YOUR OBJECTIVE: Retype exactly the lines from the one that contains "by (simp add: length_mult_Ex_h" through the final line of the material below, and add nothing else.

PROVIDED ENTRIES:
lemma frobenius_powers2_comp_Psi:
  assumes "h \<in> frobenius_powers2 m"
  shows "h \<circ> Psi \<in> fun_space.span (frobenius_powers2 (Suc m))"
proof -
  have base: "(\<lambda>x. x ^ 2 ^ i) \<circ> fst \<in> frobenius_powers2 (Suc m)"
    "(\<lambda>x. x ^ 2 ^ i) \<circ> snd \<in> frobenius_powers2 (Suc m)" if "i \<le> Suc m" for i
    using that unfolding frobenius_powers2_def frobenius_powers_def by (auto intro!: image_eqI[where x=i])
  obtain i where i: "i \<le> m" and "h = (\<lambda>x. x ^ 2 ^ i) \<circ> fst \<or> h = (\<lambda>x. x ^ 2 ^ i) \<circ> snd"
    using assms by (auto simp: frobenius_powers2_def frobenius_powers_def)
  then consider "h = (\<lambda>x. x ^ 2 ^ i) \<circ> fst" | "h = (\<lambda>x. x ^ 2 ^ i) \<circ> snd" by blast
  then show ?thesis
  proof cases
    case 1
    have eq: "h \<circ> Psi = scale_fun (tt ^ 2 ^ i) ((\<lambda>x. x ^ 2 ^ i) \<circ> fst) + ((\<lambda>x. x ^ 2 ^ Suc i) \<circ> fst)"
      using frobenius_power_comp_phi[of i]
      by (simp add: 1 fun_eq_iff scale_fun_def Psi_def phi_def)
    show ?thesis
      unfolding eq using i by (intro fun_space.span_add fun_space.span_scale fun_space.span_base base) simp_all
  next
    case 2
    have eq: "h \<circ> Psi = scale_fun (tt ^ 2 ^ i) ((\<lambda>x. x ^ 2 ^ i) \<circ> snd)
        + scale_fun ((TT + tt) ^ 2 ^ i) ((\<lambda>x. x ^ 2 ^ Suc i) \<circ> fst) + ((\<lambda>x. x ^ 2 ^ Suc i) \<circ> snd)"
      by (simp add: 2 fun_eq_iff scale_fun_def Psi_def power_two_power_add_char2[OF two_eq_zero_F]
          power_mult_distrib power_mult[symmetric] mult.commute)
    show ?thesis
      unfolding eq using i by (intro fun_space.span_add fun_space.span_scale fun_space.span_base base) simp_all
  qed
qed

lemma additive_poly_in_span_frobenius_powers:
  fixes p :: "F poly"
  assumes "additive (poly p)"
  shows "\<exists>m. poly p \<in> fun_space.span (frobenius_powers m)"
proof -
  obtain m a where "\<forall>x. poly p x = (\<Sum>i\<le>m. a i * x ^ 2 ^ i)"
    using additive_poly_char2_eq_sum_frobenius[OF two_eq_zero_F infinite_UNIV_F assms] by blast
  then have "poly p = (\<lambda>x. \<Sum>i\<le>m. a i * (\<lambda>i x. x ^ 2 ^ i) i x)" by (simp add: fun_eq_iff)
  also have "\<dots> \<in> fun_space.span (frobenius_powers m)"
    by (rule lincomb_in_span) (auto simp: frobenius_powers_def)
  finally show ?thesis by blast
qed

lemma poly_fun2_restrictions:
  assumes "poly_fun2 f"
  shows "\<exists>p q. (\<forall>x. f (x, 0) = poly p x) \<and> (\<forall>y. f (0, y) = poly q y)"
proof -
  obtain c N where f: "\<forall>x y. f (x, y) = (\<Sum>i\<le>N. \<Sum>j\<le>N. c i j * x ^ i * y ^ j)"
    using assms by (auto simp: poly_fun2_def)
  have "f (x, 0) = poly (\<Sum>i\<le>N. monom (c i 0) i) x" for x
    using f by (simp add: poly_sum poly_monom sum.atMost_shift)
  moreover have "f (0, y) = poly (\<Sum>j\<le>N. monom (c 0 j) j) y" for y
    using f by (simp add: poly_sum poly_monom sum.atMost_shift)
  ultimately show ?thesis by blast
qed

lemma Hom_Ga_UNIV_in_span:
  assumes f: "f \<in> Hom_Ga UNIV"
  shows "\<exists>m. f \<in> fun_space.span (frobenius_powers2 m)"
proof -
  have add: "f (u + v) = f u + f v" for u v
    using f unfolding Hom_Ga_def by blast
  have "poly_fun2 f" using f by (simp add: Hom_Ga_def)
  then obtain p q where p: "\<forall>x. f (x, 0) = poly p x" and q: "\<forall>y. f (0, y) = poly q y"
    using poly_fun2_restrictions by blast
  have "additive (poly p)" "additive (poly q)"
    using add[of "(_, 0)" "(_, 0)"] add[of "(0, _)" "(0, _)"] p q by (unfold_locales; simp)+
  then obtain m1 m2 where "poly p \<in> fun_space.span (frobenius_powers m1)"
    "poly q \<in> fun_space.span (frobenius_powers m2)"
    using additive_poly_in_span_frobenius_powers by blast
  then have "poly p \<in> fun_space.span (frobenius_powers (max m1 m2))"
    "poly q \<in> fun_space.span (frobenius_powers (max m1 m2))"
    using fun_space.span_mono[OF monoD[OF mono_frobenius_powers]]
    by (meson max.cobounded1 max.cobounded2 subsetD)+
  moreover have "h \<circ> fst \<in> fun_space.span (frobenius_powers2 m)"
    "h \<circ> snd \<in> fun_space.span (frobenius_powers2 m)" if "h \<in> frobenius_powers m" for h m
    using that by (auto simp: frobenius_powers2_def intro: fun_space.span_base)
  ultimately have "poly p \<circ> fst \<in> fun_space.span (frobenius_powers2 (max m1 m2))"
    "poly q \<circ> snd \<in> fun_space.span (frobenius_powers2 (max m1 m2))"
    by (blast intro: span_comp_right)+
  moreover have "f = (poly p \<circ> fst) + (poly q \<circ> snd)"
  proof
    fix z :: "F \<times> F"
    have "f z = f (fst z, 0) + f (0, snd z)"
      using add[of "(fst z, 0)" "(0, snd z)"] by simp
    then show "f z = ((poly p \<circ> fst) + (poly q \<circ> snd)) z" using p q by simp
  qed
  ultimately show ?thesis by (metis fun_space.span_add)
qed

lemma Hom_Ga_zero_times_in_span:
  assumes f: "f \<in> Hom_Ga ({0} \<times> UNIV)"
  shows "\<exists>m. f \<circ> Pair 0 \<in> fun_space.span (frobenius_powers m)"
proof -
  have "poly_fun2 f" using f by (simp add: Hom_Ga_def)
  then obtain q where q: "\<forall>y. f (0, y) = poly q y"
    using poly_fun2_restrictions by blast
  have "additive (poly q)"
    using f q by unfold_locales (auto simp: Hom_Ga_def dest!: bspec[of _ _ "(0, _)"])
  moreover have "f \<circ> Pair 0 = poly q" using q by (simp add: fun_eq_iff)
  ultimately show ?thesis using additive_poly_in_span_frobenius_powers by simp
qed

lemma tindep_Hom_Ga_UNIV_card_le:
  assumes "S \<subseteq> Hom_Ga UNIV" "finite S" "tindep UNIV Psi S"
  shows "card S \<le> 2"
proof (rule tindep_card_le[where j=id and G=frobenius_powers2])
  fix s assume "s \<in> S"
  then obtain m where "s \<in> fun_space.span (frobenius_powers2 m)"
    using assms(1) Hom_Ga_UNIV_in_span by blast
  then show "\<exists>m. \<forall>k. s \<circ> (Psi ^^ k) \<circ> id \<in> fun_space.span (frobenius_powers2 (m + k))"
    using span_comp_funpow[where G=frobenius_powers2, OF frobenius_powers2_comp_Psi] by auto
qed (use assms finite_frobenius_powers2 card_frobenius_powers2 mono_frobenius_powers2 in auto)

lemma range_Pair_zero: "range (Pair 0) = {0} \<times> UNIV"
  by auto

lemma tindep_Hom_Ga_zero_times_card_le:
  assumes "S \<subseteq> Hom_Ga ({0} \<times> UNIV)" "finite S" "tindep ({0} \<times> UNIV) Psi S"
  shows "card S \<le> 1"
proof (rule tindep_card_le[where j="Pair 0" and G=frobenius_powers])
  show "tindep (range (Pair 0)) Psi S"
    using assms(3) by (simp add: range_Pair_zero)
  fix s assume "s \<in> S"
  then obtain m where "s \<circ> Pair 0 \<in> fun_space.span (frobenius_powers m)"
    using assms(1) Hom_Ga_zero_times_in_span by blast
  moreover have "s \<circ> (Psi ^^ k) \<circ> Pair 0 = (s \<circ> Pair 0) \<circ> (phi ^^ k)" for k
    by (simp add: fun_eq_iff funpow_Psi_zero_left)
  ultimately show "\<exists>m. \<forall>k. s \<circ> (Psi ^^ k) \<circ> Pair 0 \<in> fun_space.span (frobenius_powers (m + k))"
    using span_comp_funpow[where G=frobenius_powers, OF frobenius_powers_comp_phi] by metis
qed (use assms finite_frobenius_powers card_frobenius_powers mono_frobenius_powers in auto)

theorem proposition6:
  shows "has_trank UNIV Psi (Hom_Ga UNIV) 2
     \<and> Psi ` ({0} \<times> UNIV) \<subseteq> {0} \<times> UNIV
     \<and> has_trank ({0} \<times> UNIV) Psi (Hom_Ga ({0} \<times> UNIV)) 1"
proof (intro conjI)
  show "has_trank UNIV Psi (Hom_Ga UNIV) 2"
    using fst_in_Hom_Ga snd_in_Hom_Ga fst_ne_snd tindep_fst_snd tindep_Hom_Ga_UNIV_card_le
    by (intro has_trankI[of "{fst, snd}"]) (auto simp: card_insert_if)
  show "Psi ` ({0} \<times> UNIV) \<subseteq> {0} \<times> UNIV"
    by (auto simp: Psi_def)
  show "has_trank ({0} \<times> UNIV) Psi (Hom_Ga ({0} \<times> UNIV)) 1"
    using snd_in_Hom_Ga tindep_snd tindep_Hom_Ga_zero_times_card_le
    by (intro has_trankI[of "{snd}"]) auto
qed

end
definition smooth :: "nat \<Rightarrow> real \<Rightarrow> ('x \<times> 'a \<Rightarrow> real) \<Rightarrow> ('x \<times> 'a \<Rightarrow> real)" where
  "smooth K m W = (\<lambda>z. (1 - real K * m) * W z + m)"

text \<open>RandomizedUCB optimization problem in round t (with t-1 = length h)\<close>
definition rucb_feasible :: "'a set \<Rightarrow> ('x,'a) hist \<Rightarrow> ('x \<Rightarrow> 'a) set \<Rightarrow> real \<Rightarrow> nat \<Rightarrow>
    (('x \<Rightarrow> 'a) \<Rightarrow> real) \<Rightarrow> bool" where
  "rucb_feasible A h Pol \<delta> t P \<longleftrightarrow> is_dist Pol P \<and>
     (\<forall>Q. is_dist Pol Q \<longrightarrow>
        (\<Sum>\<pi>\<in>Pol. Q \<pi> * Ex_h h (\<lambda>x. 1 / ((1 - real (card A) * mu (card A) (card Pol) \<delta> t)
                 * WP A h Pol P (x, \<pi> x) + mu (card A) (card Pol) \<delta> t)))
        \<le> max (4 * real (card A))
               (real (t - 1) * (Delta A h Pol (WP A h Pol Q))\<^sup>2 / (180 * Cc (card Pol) \<delta> (t - 1))))"

definition OPT :: "'a set \<Rightarrow> ('x,'a) hist \<Rightarrow> ('x \<Rightarrow> 'a) set \<Rightarrow> real \<Rightarrow> nat \<Rightarrow> real" where
  "OPT A h Pol \<delta> t = Inf {(\<Sum>\<pi>\<in>Pol. P \<pi> * Delta A h Pol (polvec A h \<pi>)) | P. rucb_feasible A h Pol \<delta> t P}"

end

theory Submission
  imports Defs
begin

text \<open>The point \<open>W\<close> is the mixture of policies minimising the potential
  \<open>\<lambda> \<Delta>(W) - E\<^sub>x \<Sum>\<^sub>a ln W'(x,a)\<close> over the (compact) simplex of distributions on the policies.
  Since \<open>ln (1 + y) \<ge> y - 2 y\<^sup>2\<close> for \<open>\<bar>y\<bar> \<le> 1/2\<close>, moving from \<open>W\<close> towards any other mixture
  \<open>Z\<close> cannot decrease the potential to first order, i.e.
  \<open>(1 - K\<mu>) E\<^sub>x \<Sum>\<^sub>a Z/W' \<le> (1 - K\<mu>) E\<^sub>x \<Sum>\<^sub>a W/W' + \<lambda> (\<Delta>(Z) - \<Delta>(W))\<close>.
  The first term on the right is at most \<open>K\<close>.  Taking for \<open>Z\<close> the empirically best policy
  gives \<open>\<Delta>(W) \<le> K/\<lambda>\<close>; for general \<open>Z\<close> it gives \<open>E\<^sub>x \<Sum>\<^sub>a Z/W' \<le> 2 (K + \<lambda> \<Delta>(Z))\<close>.
  With \<open>\<lambda> = \<surd>(K \<beta>) / 4\<close> these are the two claimed bounds, and the second one says that
  the distribution behind \<open>W\<close> is feasible for the RandomizedUCB problem, which bounds \<open>OPT\<close>.\<close>

lemma ln_one_plus_lower_bound:
  fixes y :: real
  assumes "\<bar>y\<bar> \<le> 1/2"
  shows "y - 2 * y^2 \<le> ln (1 + y)"
proof (cases "y \<ge> 0")
  case True
  then have "y - y^2 \<le> ln (1 + y)"
    using assms by (intro ln_one_plus_pos_lower_bound) auto
  then show ?thesis by (smt (verit) zero_le_power2)
next
  case False
  then have "- (-y) - 2 * (-y)^2 \<le> ln (1 - (-y))"
    using assms by (intro ln_one_minus_pos_lower_bound) auto
  then show ?thesis by simp
qed

lemma nonneg_if_nonneg_add_small:
  fixes X B \<epsilon>\<^sub>0 :: real
  assumes "0 < \<epsilon>\<^sub>0" "0 \<le> B" and small: "\<And>\<epsilon>. 0 < \<epsilon> \<Longrightarrow> \<epsilon> \<le> \<epsilon>\<^sub>0 \<Longrightarrow> 0 \<le> X + \<epsilon> * B"
  shows "0 \<le> X"
proof (rule ccontr)
  assume "\<not> 0 \<le> X"
  define \<epsilon> where "\<epsilon> = min \<epsilon>\<^sub>0 (- X / (2 * (B + 1)))"
  have "0 < - X / (2 * (B + 1))" using \<open>\<not> 0 \<le> X\<close> assms by (intro divide_pos_pos) auto
  then have "0 < \<epsilon>" using assms by (simp add: \<epsilon>_def)
  have "\<epsilon> * B \<le> (- X / (2 * (B + 1))) * B"
    using assms by (intro mult_right_mono) (auto simp: \<epsilon>_def)
  also have "\<dots> < - X"
    using \<open>\<not> 0 \<le> X\<close> assms mult_nonneg_nonpos[of B X] by (simp add: field_simps)
  finally show False using small[OF \<open>0 < \<epsilon>\<close>] by (simp add: \<epsilon>_def)
qed

lemma sum_ln_directional_derivative_le:
  fixes I :: "'i set" and a d :: "'i \<Rightarrow> real" and c \<mu> :: real
  assumes "finite I" "0 < \<mu>" and a: "\<And>i. i \<in> I \<Longrightarrow> \<mu> \<le> a i" and d: "\<And>i. i \<in> I \<Longrightarrow> \<bar>d i\<bar> \<le> 1"
    and growth: "\<And>\<epsilon>. 0 < \<epsilon> \<Longrightarrow> \<epsilon> \<le> 1 \<Longrightarrow>
                   (\<Sum>i\<in>I. ln (a i + \<epsilon> * d i)) \<le> c * \<epsilon> + (\<Sum>i\<in>I. ln (a i))"
  shows "(\<Sum>i\<in>I. d i / a i) \<le> c"
proof -
  define B where "B = 2 * (\<Sum>i\<in>I. (d i / a i)^2)"
  have small: "0 \<le> (c - (\<Sum>i\<in>I. d i / a i)) + \<epsilon> * B"
    if \<epsilon>: "0 < \<epsilon>" "\<epsilon> \<le> min 1 (\<mu>/2)" for \<epsilon>
  proof -
    have termwise: "ln (a i) + \<epsilon> * (d i / a i) - \<epsilon>^2 * (2 * (d i / a i)^2) \<le> ln (a i + \<epsilon> * d i)"
      if i: "i \<in> I" for i
    proof -
      have "0 < a i" using a[OF i] \<open>0 < \<mu>\<close> by linarith
      define y where "y = \<epsilon> * (d i / a i)"
      have "\<bar>y\<bar> = \<epsilon> * \<bar>d i\<bar> / a i" using \<epsilon> \<open>0 < a i\<close> by (simp add: y_def abs_mult)
      also have "\<dots> \<le> \<epsilon> * 1 / \<mu>"
        using d[OF i] a[OF i] \<epsilon> \<open>0 < \<mu>\<close> by (intro frac_le mult_left_mono) auto
      also have "\<dots> \<le> 1/2" using \<epsilon> \<open>0 < \<mu>\<close> by (simp add: field_simps)
      finally have "\<bar>y\<bar> \<le> 1/2" .
      moreover have "a i + \<epsilon> * d i = a i * (1 + y)" using \<open>0 < a i\<close> by (simp add: y_def field_simps)
      ultimately have "ln (a i + \<epsilon> * d i) = ln (a i) + ln (1 + y)"
        using \<open>0 < a i\<close> by (simp add: ln_mult)
      moreover have "\<epsilon>^2 * (2 * (d i / a i)^2) = 2 * y^2"
        unfolding y_def power_mult_distrib by simp
      moreover have "\<epsilon> * (d i / a i) = y" by (simp add: y_def)
      ultimately show ?thesis
        using ln_one_plus_lower_bound[OF \<open>\<bar>y\<bar> \<le> 1/2\<close>] by linarith
    qed
    have "(\<Sum>i\<in>I. ln (a i)) + \<epsilon> * (\<Sum>i\<in>I. d i / a i) - \<epsilon>^2 * B \<le> (\<Sum>i\<in>I. ln (a i + \<epsilon> * d i))"
      using sum_mono[OF termwise]
      by (simp add: B_def sum.distrib sum_subtractf sum_distrib_left)
    with growth[of \<epsilon>] \<epsilon> have "0 \<le> \<epsilon> * ((c - (\<Sum>i\<in>I. d i / a i)) + \<epsilon> * B)"
      by (simp add: algebra_simps power2_eq_square)
    then show ?thesis using \<epsilon> by (simp add: zero_le_mult_iff)
  qed
  have "0 \<le> B" by (simp add: B_def sum_nonneg)
  then have "0 \<le> c - (\<Sum>i\<in>I. d i / a i)"
    using nonneg_if_nonneg_add_small[of "min 1 (\<mu>/2)" B, OF _ _ small] \<open>0 < \<mu>\<close> by simp
  then show ?thesis by simp
qed

lemma twice_add_sqrt_le_max:
  fixes K b D :: real
  assumes "1 \<le> K" "0 < b" "0 \<le> D"
  shows "2 * (K + sqrt (K * b) / 4 * D) \<le> max (4 * K) (b * D^2)"
proof -
  define s where "s = b * D^2"
  define y where "y = sqrt (K * b) * D"
  have "0 \<le> y" and y2: "y^2 = K * s"
    using assms by (simp_all add: y_def s_def power_mult_distrib)
  have "y \<le> 2 * K \<or> y \<le> s / 2"
  proof (cases "s \<le> 4 * K")
    case True
    then have "y^2 \<le> (2 * K)^2" using y2 assms by (simp add: power2_eq_square)
    then show ?thesis using assms by (auto intro: power2_le_imp_le)
  next
    case False
    then have "y^2 \<le> (s / 2)^2" using y2 assms by (simp add: power2_eq_square mult_right_mono)
    then show ?thesis using False assms by (auto intro: power2_le_imp_le)
  qed
  then have "2 * K + y / 2 \<le> max (4 * K) s" using assms by (auto simp: max_def)
  then show ?thesis by (simp add: s_def y_def algebra_simps)
qed

lemma Ex_h_le_const:
  assumes "\<And>x. f x \<le> c" "0 \<le> c"
  shows "Ex_h h f \<le> c"
proof -
  have "(\<Sum>i<length h. f (fst (h ! i))) \<le> real (length h) * c"
    using sum_mono[of "{..<length h}" "\<lambda>i. f (fst (h ! i))" "\<lambda>_. c"] assms(1) by simp
  then show ?thesis
    using assms(2) unfolding Ex_h_def by (cases "h = []") (simp_all add: divide_le_eq mult.commute)
qed

lemma Ex_h_nonneg: "(\<And>x. 0 \<le> f x) \<Longrightarrow> 0 \<le> Ex_h h f"
  unfolding Ex_h_def by (intro divide_nonneg_nonneg sum_nonneg) auto

lemma length_mult_Ex_h:
  "h \<noteq> [] \<Longrightarrow> real (length h) * Ex_h h f = (\<Sum>i<length h. f (fst (h ! i)))"
  unfolding Ex_h_def by simp

lemma sum_history_actions_eq_Ex_h:
  "h \<noteq> [] \<Longrightarrow> (\<Sum>i\<in>{..<length h} \<times> A. f (fst (h ! fst i), snd i))
      = real (length h) * Ex_h h (\<lambda>x. \<Sum>a\<in>A. f (x, a))"
  by (simp add: length_mult_Ex_h sum.cartesian_product' split_def)

definition polmix :: "'a set \<Rightarrow> ('x,'a) hist \<Rightarrow> ('x \<Rightarrow> 'a) set \<Rightarrow> (('x \<Rightarrow> 'a) \<Rightarrow> real) \<Rightarrow> ('x \<times> 'a \<Rightarrow> real)" where
  "polmix A h Pol P = (\<lambda>z. \<Sum>\<pi>\<in>Pol. P \<pi> * polvec A h \<pi> z)"

lemma WP_eq_polmix: "finite Pol \<Longrightarrow> WP A h Pol P = polmix A h Pol P"
  unfolding WP_def polmix_def polvec_def
  by (auto simp: fun_eq_iff sum.inter_filter intro!: sum.cong)

lemma polmix_nonneg: "\<forall>\<pi>\<in>Pol. 0 \<le> P \<pi> \<Longrightarrow> 0 \<le> polmix A h Pol P z"
  unfolding polmix_def polvec_def by (auto intro: sum_nonneg split: prod.splits)

lemma polmix_le_one:
  assumes "finite Pol" "is_dist Pol P"
  shows "polmix A h Pol P z \<le> 1"
proof -
  have "polmix A h Pol P z \<le> (\<Sum>\<pi>\<in>Pol. P \<pi> * 1)"
    using assms unfolding polmix_def is_dist_def
    by (intro sum_mono mult_left_mono) (auto simp: polvec_def split: prod.splits)
  then show ?thesis using assms by (simp add: is_dist_def)
qed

PROBLEM SOLUTION:
  by (simp add: length_mult_Ex_h sum.cartesian_product' split_def)

definition polmix :: "'a set \<Rightarrow> ('x,'a) hist \<Rightarrow> ('x \<Rightarrow> 'a) set \<Rightarrow> (('x \<Rightarrow> 'a) \<Rightarrow> real) \<Rightarrow> ('x \<times> 'a \<Rightarrow> real)" where
  "polmix A h Pol P = (\<lambda>z. \<Sum>\<pi>\<in>Pol. P \<pi> * polvec A h \<pi> z)"

lemma WP_eq_polmix: "finite Pol \<Longrightarrow> WP A h Pol P = polmix A h Pol P"
  unfolding WP_def polmix_def polvec_def
  by (auto simp: fun_eq_iff sum.inter_filter intro!: sum.cong)

lemma polmix_nonneg: "\<forall>\<pi>\<in>Pol. 0 \<le> P \<pi> \<Longrightarrow> 0 \<le> polmix A h Pol P z"
  unfolding polmix_def polvec_def by (auto intro: sum_nonneg split: prod.splits)

lemma polmix_le_one:
  assumes "finite Pol" "is_dist Pol P"
  shows "polmix A h Pol P z \<le> 1"
proof -
  have "polmix A h Pol P z \<le> (\<Sum>\<pi>\<in>Pol. P \<pi> * 1)"
    using assms unfolding polmix_def is_dist_def
    by (intro sum_mono mult_left_mono) (auto simp: polvec_def split: prod.splits)
  then show ?thesis using assms by (simp add: is_dist_def)
qed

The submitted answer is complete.